Simple Linear Regression (SLR)

Apply on marketing data

Simple Linear Regression (SLR)

Apply on marketing data (cont.)

Code
from sklearn.linear_model import LinearRegression  # import model
lr = LinearRegression()                 # initiate model
x_train, y_train = df1[['youtube']], df1['sales']  # training input-target
lr = lr.fit(x_train, y_train)         # build model = esimate coefficients

# Training data and fitted line
pred_train = lr.predict(x_train)

# Figures
fig_market2 = go.Figure(go.Scatter(x=x_train.youtube, y=y_train, mode="markers", name="Training data"))
fig_market2.add_trace(go.Scatter(x=x_train.youtube, y=pred_train, mode="lines+markers", name=f"<br>Train prediction<br> Sale={np.round(lr.coef_,2)[0]}youtube+{np.round(lr.intercept_,2)}"))
fig_market2.update_layout(title="Sales vs youtube",
                          xaxis=dict(title="youtube"),
                          yaxis=dict(title="sales"),
                          width=600, height=400)
fig_market2.show()

Simple Linear Regression (SLR)

Model Diagnostics (judging the model)

  • R-squared (coefficient of determination) \[R^2=1-\frac{\text{RSS}}{\text{TSS}}=1-\frac{\sum_{i=1}(y_i-\hat{y}_i)^2}{\sum_{i=1}(y_i-\overline{y}_n)^2}=\frac{\text{V}(\hat{Y})}{\text{V}(Y)}.\]
    • Example: \(R^2=\) 0.612 in our model.
    • Interpretation: The model (youtube) can capture around 61.0% of the variation of the target (sales).
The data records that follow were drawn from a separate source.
(* Let $A\in\mathbb{R}^{n\times n}$, let $\lambda\in\mathbb{R}$, and let $v\in\mathbb{R}^{n\times1}$ and $u\in\mathbb{R}^{1\times n}$ satisfy $Av=\lambda v$, $uA=\lambda u$ and $uv=1$. Then for every row vector $u'\in\mathbb{R}^{1\times n}$ with $u'v=1$, the matrix $\lambda vu'+(I-vu')A$ is conjugate (similar) to $A$, and for every integer $k\ge 0$, \[\bigl(\lambda vu'+(I-vu')A\bigr)^k=\lambda^k vu'+(I-vu')A^k,\] where $I$ is the $n\times n$ identity matrix. *)

theory Defs
  imports "Jordan_Normal_Form.Matrix"
begin

end

theory Submission
  imports Defs
begin

text \<open>
  Put \<open>N = v (u' - u)\<close>. Since \<open>u' v = u v\<close>, \<open>N\<^sup>2 = 0\<close>, so \<open>1 - N\<close> and \<open>1 + N\<close> are mutually inverse.
  For every matrix \<open>M\<close> having \<open>v\<close> as right and \<open>u\<close> as left eigenvector to the same eigenvalue
  \<open>c\<close>, expanding \<open>(1 - N) M (1 + N)\<close> gives \<open>c v u' + (1 - v u') M\<close>. With \<open>M = A\<close> this exhibits the
  similarity; with \<open>M = A\<^sup>k\<close>, \<open>c = \<lambda>\<^sup>k\<close> it gives the power formula, because conjugation commutes
  with taking powers.
\<close>

lemma mat_pow_mult_eigenvector:
  fixes A :: "'a :: comm_ring_1 mat"
  assumes A: "A \<in> carrier_mat n n" and v: "v \<in> carrier_mat n m" and Av: "A * v = c \<cdot>\<^sub>m v"
  shows "A ^\<^sub>m k * v = c ^ k \<cdot>\<^sub>m v"
proof (induction k)
  case 0
  then show ?case using A v by (auto intro!: eq_matI)
next
  case (Suc k)
  have "A ^\<^sub>m Suc k * v = A ^\<^sub>m k * (A * v)"
    using A v by (simp add: assoc_mult_mat[of _ n n _ n _ m])
  also have "\<dots> = c \<cdot>\<^sub>m (A ^\<^sub>m k * v)"
    using A v by (simp add: Av mult_smult_distrib[of _ n n _ m])
  also have "\<dots> = c ^ Suc k \<cdot>\<^sub>m v"
    by (rule eq_matI) (auto simp: Suc)
  finally show ?case .
qed

lemma eigenrow_mult_mat_pow:
  fixes A :: "'a :: comm_ring_1 mat"
  assumes A: "A \<in> carrier_mat n n" and u: "u \<in> carrier_mat m n" and uA: "u * A = c \<cdot>\<^sub>m u"
  shows "u * A ^\<^sub>m k = c ^ k \<cdot>\<^sub>m u"
proof (induction k)
  case 0
  then show ?case using A u by (auto intro!: eq_matI)
next
  case (Suc k)
  have "u * A ^\<^sub>m Suc k = (u * A ^\<^sub>m k) * A"
    using A u by (simp add: assoc_mult_mat[of _ m n _ n _ n])
  also have "\<dots> = c ^ k \<cdot>\<^sub>m (u * A)"
    using A u by (simp add: Suc mult_smult_assoc_mat[of _ m n _ n])
  also have "\<dots> = c ^ Suc k \<cdot>\<^sub>m u"
    by (rule eq_matI) (auto simp: uA)
  finally show ?case .
qed

lemma outer_diff_square_zero:
  fixes v u u' :: "'a :: comm_ring_1 mat"
  assumes v: "v \<in> carrier_mat n m" and u: "u \<in> carrier_mat m n" and u': "u' \<in> carrier_mat m n"
    and u'v: "u' * v = u * v"
  shows "(v * (u' - u)) * (v * (u' - u)) = 0\<^sub>m n n"
proof -
  define w where "w = u' - u"
  have w: "w \<in> carrier_mat m n"
    using u u' by (simp add: w_def minus_carrier_mat)
  have wv: "w * v = 0\<^sub>m m m"
    using u u' v by (auto simp: w_def minus_mult_distrib_mat[OF u' u v] u'v intro!: eq_matI)
  have "(v * w) * (v * w) = v * (w * (v * w))"
    using v w by (intro assoc_mult_mat) auto
  also have "\<dots> = v * ((w * v) * w)"
    using v w by (simp add: assoc_mult_mat[OF w v w])
  also have "\<dots> = 0\<^sub>m n n"
    using v w by (simp add: wv)
  finally show ?thesis
    unfolding w_def .
qed

lemma square_zero_mat_inverse:
  fixes N :: "'a :: comm_ring_1 mat"
  assumes N: "N \<in> carrier_mat n n" and NN: "N * N = 0\<^sub>m n n"
  shows "(1\<^sub>m n - N) * (1\<^sub>m n + N) = 1\<^sub>m n" and "(1\<^sub>m n + N) * (1\<^sub>m n - N) = 1\<^sub>m n"
proof -
  have carrier: "1\<^sub>m n - N \<in> carrier_mat n n" "1\<^sub>m n + N \<in> carrier_mat n n"
    using N by auto
  have "(1\<^sub>m n - N) * (1\<^sub>m n + N) = (1\<^sub>m n - N) + (N - N * N)"
    using N carrier
    by (simp add: mult_add_distrib_mat[OF carrier(1) one_carrier_mat N]
        minus_mult_distrib_mat[OF one_carrier_mat N N])
  then show "(1\<^sub>m n - N) * (1\<^sub>m n + N) = 1\<^sub>m n"
    using N by (auto simp: NN intro!: eq_matI)
  have "(1\<^sub>m n + N) * (1\<^sub>m n - N) = (1\<^sub>m n + N) - (N + N * N)"
    using N carrier
    by (simp add: mult_minus_distrib_mat[OF carrier(2) one_carrier_mat N]
        add_mult_distrib_mat[OF one_carrier_mat N N])
  then show "(1\<^sub>m n + N) * (1\<^sub>m n - N) = 1\<^sub>m n"
    using N by (auto simp: NN intro!: eq_matI)
qed

lemma one_minus_mult_one_plus_mat:
  fixes M N :: "'a :: comm_ring_1 mat"
  assumes M: "M \<in> carrier_mat n n" and N: "N \<in> carrier_mat n n"
  shows "(1\<^sub>m n - N) * M * (1\<^sub>m n + N) = (M - N * M) + (M * N - N * M * N)"
proof -
  have MNM: "M - N * M \<in> carrier_mat n n"
    using M N by (simp add: minus_carrier_mat)
  have "(1\<^sub>m n - N) * M * (1\<^sub>m n + N) = (M - N * M) * (1\<^sub>m n + N)"
    using M N by (simp add: minus_mult_distrib_mat[OF one_carrier_mat N M])
  also have "\<dots> = (M - N * M) + (M * N - N * M * N)"
    using M N MNM
    by (simp add: mult_add_distrib_mat[OF MNM one_carrier_mat N] minus_mult_distrib_mat[OF M _ N])
  finally show ?thesis .
qed

lemma outer_diff_conjugation:
  fixes M v u u' :: "'a :: comm_ring_1 mat"
  assumes M: "M \<in> carrier_mat n n" and v: "v \<in> carrier_mat n m"
    and u: "u \<in> carrier_mat m n" and u': "u' \<in> carrier_mat m n"
    and Mv: "M * v = c \<cdot>\<^sub>m v" and uM: "u * M = c \<cdot>\<^sub>m u" and u'v: "u' * v = u * v"
  shows "(1\<^sub>m n - v * (u' - u)) * M * (1\<^sub>m n + v * (u' - u))
           = c \<cdot>\<^sub>m (v * u') + (1\<^sub>m n - v * u') * M"
proof -
  define w where "w = u' - u"
  define N where "N = v * w"
  have w: "w \<in> carrier_mat m n" and N: "N \<in> carrier_mat n n"
    using v u u' by (auto simp: w_def N_def)
  have MN: "M * N = c \<cdot>\<^sub>m N"
  proof -
    have "M * N = (M * v) * w"
      using M v w by (simp add: N_def assoc_mult_mat[OF M v w])
    then show ?thesis
      using v w by (simp add: Mv N_def mult_smult_assoc_mat[OF v w])
  qed
  have NM: "N * M = v * u' * M - c \<cdot>\<^sub>m (v * u)"
  proof -
    have "N * M = v * (w * M)"
      using M v w by (simp add: N_def assoc_mult_mat[OF v w M])
    also have "\<dots> = v * (u' * M - c \<cdot>\<^sub>m u)"
      by (simp add: w_def minus_mult_distrib_mat[OF u' u M] uM)
    also have "\<dots> = v * u' * M - c \<cdot>\<^sub>m (v * u)"
      using M v u u'
      by (simp add: mult_minus_distrib_mat[OF v mult_carrier_mat[OF u' M] smult_carrier_mat[OF u]]
          assoc_mult_mat[OF v u' M] mult_smult_distrib[OF v u])
    finally show ?thesis .
  qed
  have NMN: "N * M * N = 0\<^sub>m n n"
  proof -
    have "N * M * N = c \<cdot>\<^sub>m (N * N)"
      using M N by (simp add: MN assoc_mult_mat[OF N M N] mult_smult_distrib[OF N N])
    then show ?thesis
      using outer_diff_square_zero[OF v u u' u'v] by (simp add: N_def w_def)
  qed
  have "(1\<^sub>m n - v * u') * M = M - v * u' * M"
    using M v u' by (simp add: minus_mult_distrib_mat[OF one_carrier_mat _ M])
  moreover have "N = v * u' - v * u"
    using v u u' by (simp add: N_def w_def mult_minus_distrib_mat[OF v u' u])
  ultimately have "(M - N * M) + (M * N - N * M * N) = c \<cdot>\<^sub>m (v * u') + (1\<^sub>m n - v * u') * M"
    unfolding NMN unfolding NM MN using M v u u' by (auto simp: algebra_simps intro!: eq_matI)
  then show ?thesis
    using one_minus_mult_one_plus_mat[OF M N] by (simp add: N_def w_def)
qed

theorem lemma4p3:
  fixes A :: "real mat" and v u :: "real mat" and lam :: real and n :: nat
  assumes A: "A \<in> carrier_mat n n"
    and v: "v \<in> carrier_mat n 1"
    and u: "u \<in> carrier_mat 1 n"
    and Av: "A * v = lam \<cdot>\<^sub>m v"
    and uA: "u * A = lam \<cdot>\<^sub>m u"
    and uv: "u * v = 1\<^sub>m 1"
  shows "\<forall>u' \<in> carrier_mat 1 n. u' * v = 1\<^sub>m 1 \<longrightarrow>
           similar_mat (lam \<cdot>\<^sub>m (v * u') + (1\<^sub>m n - v * u') * A) A \<and>
           (\<forall>k::nat. (lam \<cdot>\<^sub>m (v * u') + (1\<^sub>m n - v * u') * A) ^\<^sub>m k
                      = lam ^ k \<cdot>\<^sub>m (v * u') + (1\<^sub>m n - v * u') * (A ^\<^sub>m k))"
proof (intro ballI impI)
  fix u' assume u': "u' \<in> carrier_mat 1 n" and "u' * v = 1\<^sub>m 1"
  with uv have u'v: "u' * v = u * v" by simp
  define N where "N = v * (u' - u)"
  define B where "B = lam \<cdot>\<^sub>m (v * u') + (1\<^sub>m n - v * u') * A"
  have N: "N \<in> carrier_mat n n" and B: "B \<in> carrier_mat n n"
    using A v u u' by (auto simp: N_def B_def minus_carrier_mat)
  have NN: "N * N = 0\<^sub>m n n"
    unfolding N_def by (rule outer_diff_square_zero[OF v u u' u'v])
  have wit: "similar_mat_wit B A (1\<^sub>m n - N) (1\<^sub>m n + N)"
  proof (rule similar_mat_witI)
    show "(1\<^sub>m n - N) * (1\<^sub>m n + N) = 1\<^sub>m n" "(1\<^sub>m n + N) * (1\<^sub>m n - N) = 1\<^sub>m n"
      by (rule square_zero_mat_inverse[OF N NN])+
    show "B = (1\<^sub>m n - N) * A * (1\<^sub>m n + N)"
      unfolding B_def N_def by (rule outer_diff_conjugation[OF A v u u' Av uA u'v, symmetric])
  qed (use A B N in \<open>auto simp: minus_carrier_mat\<close>)
  have "B ^\<^sub>m k = lam ^ k \<cdot>\<^sub>m (v * u') + (1\<^sub>m n - v * u') * A ^\<^sub>m k" for k
    unfolding similar_mat_wit_pow_id[OF wit] N_def
    by (rule outer_diff_conjugation[OF pow_carrier_mat[OF A] v u u'
          mat_pow_mult_eigenvector[OF A v Av] eigenrow_mult_mat_pow[OF A u uA] u'v])
  with wit show "similar_mat B A \<and> (\<forall>k. B ^\<^sub>m k = lam ^ k \<cdot>\<^sub>m (v * u') + (1\<^sub>m n - v * u') * A ^\<^sub>m k)"
    unfolding similar_mat_def by blast
qed

end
Simple Linear Regression (SLR)

Model Diagnostics (judging the model)

  • Residuals: \(e_i=y_i-\hat{y}_i\sim{\cal N}(0,\sigma^2)\) for some \(\sigma>0\).
    • Symmetric around \(0\) & do NOT depend on \(\text{x}_i\) nor \(y_i\).
Code
res = pred_train-y_train   # Compute residuals

from plotly.subplots import make_subplots

fig_res = make_subplots(rows=1, cols=2, subplot_titles=("Residuals vs predicted sales", "Residual desity"))

fig_res.add_trace(
    go.Scatter(x=pred_train, y=res, name="Residuals", mode="markers"), 
    row=1, col=1)
fig_res.add_trace(
    go.Scatter(x=[np.min(pred_train), np.max(pred_train)], y=[0,0], mode="lines", line=dict(color='red', dash="dash"), name="0"), 
    row=1, col=1)

fig_res.update_xaxes(title_text="Predicted Sales", row=1, col=1)
fig_res.update_yaxes(title_text="Residuals", row=1, col=1)


fig_res.add_trace(
    go.Histogram(x=res, name = "Residual histogram"), row=1, col=2
)
fig_res.update_xaxes(title_text="Residual", row=1, col=2)
fig_res.update_yaxes(title_text="Histogram", row=1, col=2)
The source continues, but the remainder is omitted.